Remembering the good practice of physically putting yourself on the same level as children, I squatted down and tried to be as open and warm mannered to the gathering crowd of curious faces. Any sudden move or gesture to reach out only caused a screaming scattering of children.
Digging through my backpack, showing them whatever was inside, I found a bag of unopened mixed nuts. Perfect for sharing! I opened then bag and poured some into my hand and offered them. They ran. So I ate a few myself, gave some to the others in my group and to the few women adults at the house. This was not enough to convince the kids but the boys started pushing each other forward making lunges toward the bag of nuts I had sat on the ground. Still though, they were too scared to actually take it. My attempt to make friends was failing.
Next I pulled out my new fugi camera. Now, I had their attention. I took a few photos of the chickens and pig nearby and showed them the play back on the screen. This was of great interest and produces giggles of excitement instead of fear. I demonstrated how a photo was taken by showing how to push the button and then offered them to push it. Little boys began grabbing the hands of others and directing their friends fingers toward the camera but no volunteers – yet. Nzoua came out of the house and I asked him to pose for a picture. I snapped the shot then showed the kids. They loved it.
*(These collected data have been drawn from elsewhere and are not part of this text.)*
lemma integral_square_sign_walk_Suc:
  "(\<integral>x. x\<^sup>2 \<partial>sign_walk \<mu> \<sigma> f (Suc n))
     = (\<integral>x. x\<^sup>2 \<partial>sign_walk \<mu> \<sigma> f n)
       + 2 * (\<integral>g. \<sigma> g * f g \<partial>\<mu>) * (\<integral>x. x \<partial>sign_walk \<mu> \<sigma> f n) + (\<integral>g. (f g)\<^sup>2 \<partial>\<mu>)"
proof -
  let ?\<kappa> = "\<integral>g. \<sigma> g * f g \<partial>\<mu>" and ?w = "\<integral>g. (f g)\<^sup>2 \<partial>\<mu>"
  have square: "(\<sigma> g * y + f g)\<^sup>2 = y\<^sup>2 + 2 * y * (\<sigma> g * f g) + (f g)\<^sup>2" if "g \<in> set_pmf \<mu>" for g y
  proof -
    have "(\<sigma> g)\<^sup>2 = 1" using sign[OF that] by (metis power2_abs one_power2)
    then show ?thesis by (simp add: power2_eq_square algebra_simps)
  qed
  have "(\<integral>x. x\<^sup>2 \<partial>sign_walk \<mu> \<sigma> f (Suc n))
      = (\<integral>y. (\<integral>g. (\<sigma> g * y + f g)\<^sup>2 \<partial>\<mu>) \<partial>sign_walk \<mu> \<sigma> f n)"
    by (rule integral_sign_walk_Suc_iterated[where B="(real (Suc n) * M)\<^sup>2"])
       (simp add: abs_le_square_iff[symmetric])
  also have "\<dots> = (\<integral>y. y\<^sup>2 + 2 * y * ?\<kappa> + ?w \<partial>sign_walk \<mu> \<sigma> f n)"
  proof (intro Bochner_Integration.integral_cong refl)
    fix y
    have "(\<integral>g. (\<sigma> g * y + f g)\<^sup>2 \<partial>\<mu>) = (\<integral>g. y\<^sup>2 + 2 * y * (\<sigma> g * f g) + (f g)\<^sup>2 \<partial>\<mu>)"
      by (intro integral_cong_AE) (auto simp: AE_measure_pmf_iff square)
    then show "(\<integral>g. (\<sigma> g * y + f g)\<^sup>2 \<partial>\<mu>) = y\<^sup>2 + 2 * y * ?\<kappa> + ?w"
      by (simp add: integrable_increments)
  qed
  also have "\<dots> = (\<integral>x. x\<^sup>2 \<partial>sign_walk \<mu> \<sigma> f n) + 2 * ?\<kappa> * (\<integral>x. x \<partial>sign_walk \<mu> \<sigma> f n) + ?w"
    using prob_space_measure_pmf integrable_sign_walk_power[of n 2]
      integrable_sign_walk_power[of n 1]
    by (intro prob_space.integral_quadratic) simp_all
  finally show ?thesis .
qed

lemma bound_nonneg: "0 \<le> M"
proof -
  obtain g where "g \<in> set_pmf \<mu>" using set_pmf_not_empty[of \<mu>] by blast
  then show ?thesis using bounded abs_ge_zero order_trans by blast
qed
Next was the group selfie and the sight of the instantaneous image of themselves prompted an explosion of laughter from all of us. The following minutes were filled with children taking turns pushing the button and them edging forward to look at what they captured. I turned the camera around so the photo would be of themselves and this was especially thrilling.
It was a beautiful experience for me to eventually make friends with the children of Ban Huey Dong Dam.
Note: Yes, I did ask permission from the adults to use the camera and take photos.